Deciduous teeth were discriminated from permanent teeth (unerupted and erupted) on the basis of their spectra in qualitative (PCA and PLS-DA score biplots) and quantitative chemometric methods (SVM, ANN and SIMCA). Thus, tooth type is a potential confounding variable when attempting to discriminate sex, diet or geographic location. For discrimination based on tooth type, SVM and ANN models outperformed SIMCA. Discrimination based on sex was achieved using a PLS-DA second derivative model to an accuracy of 95% overall, with better results for female than male classification. Discrimination on diet (grass- vs grain-fed diet) was achieved to an accuracy of 81 and 82% using SVM and PLS-DA models respectively. Discrimination based on location was achieved using SVM and ANN models to a TPR of >70% for four of the seven locations considered, depending on the model used.

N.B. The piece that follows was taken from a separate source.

(* Let $r\ge 1$ and $k\ge1$ be integers. Start with a set of $r+1$ points in general position on the $r$-dimensional unit sphere and apply $k-1$ truncations. Then the 1-skeleton of the convex hull of the resulting set of points is isomorphic to the graph $G_{r,k}$.
   Context: Truncation of a finite set of points on the unit sphere: take the 1-skeleton (vertices and edges) of the convex hull of the points; choose $\delta>0$ small enough that the concentric sphere of radius $1-\delta$ meets each edge of this 1-skeleton in two points; the new point set consists of all these intersection points, rescaled by $1/(1-\delta)$ so they lie on the unit sphere again. A Hanoi state is a sequence $\vec x=(x_1,\dots,x_k)$ of nonnegative integers with $x_i\ne x_{i-1}$ for $i>1$; $\mathcal H_{r,k}$ is the set of Hanoi states in $\{0,\dots,r\}^k$. Moves on $\mathcal H_{r,k}$: an adjustment changes $x_k$ to any other value in $\{0,\dots,r\}$ different from $x_{k-1}$ (if $k=1$, any other value); for $k\ge2$, an involution finds the longest final segment of $\vec x$ on which the entries alternate between $x_k$ and $x_{k-1}$ and swaps these two values throughout that segment. $G_{r,k}$ is the graph with vertex set $\mathcal H_{r,k}$ in which two states are adjacent iff one is obtained from the other by a single move. *)

theory Defs
  imports "HOL-Analysis.Analysis"
begin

The use of NIR spectroscopy to discriminate samples based on geographic origin result has high practical potential to the cattle industry, and it is recommended further work be conducted, involving samples from a wider variety of regions and of a more balanced age and sex distribution. The results of the current study should also encourage similar studies with human teeth, with the potential to use NIR spectroscopy in estimation of, for example, sex, holding value in forensic and archaeological investigations.
Footnotes
Acknowledgments
The authors thank Ryan Batley of Central Queensland University, Rockhampton, Australia for arranging procurement of bovine mandibles for use in this study, and JBS Rockhampton for their donation of 100 mandibles. The authors thank Prof. Mark Tennant for academic advice, Dr Mark Griffin of Insight Research Services Associated for statistical advice, Rob Dixon for his advice on bovine nutrition, and Professor Simon Quigley for the use of densitometry equipment. This research project is supported under the Commonwealth Government’s Research Training Program. The authors gratefully acknowledge the financial support provided by the Australian Government.
Declaration of conflicting interests
The author(s) declared no potential conflicts of interest with respect to the research, authorship, and/or publication of this article.
Funding
The author(s) received no financial support for the research, authorship, and/or publication of this article.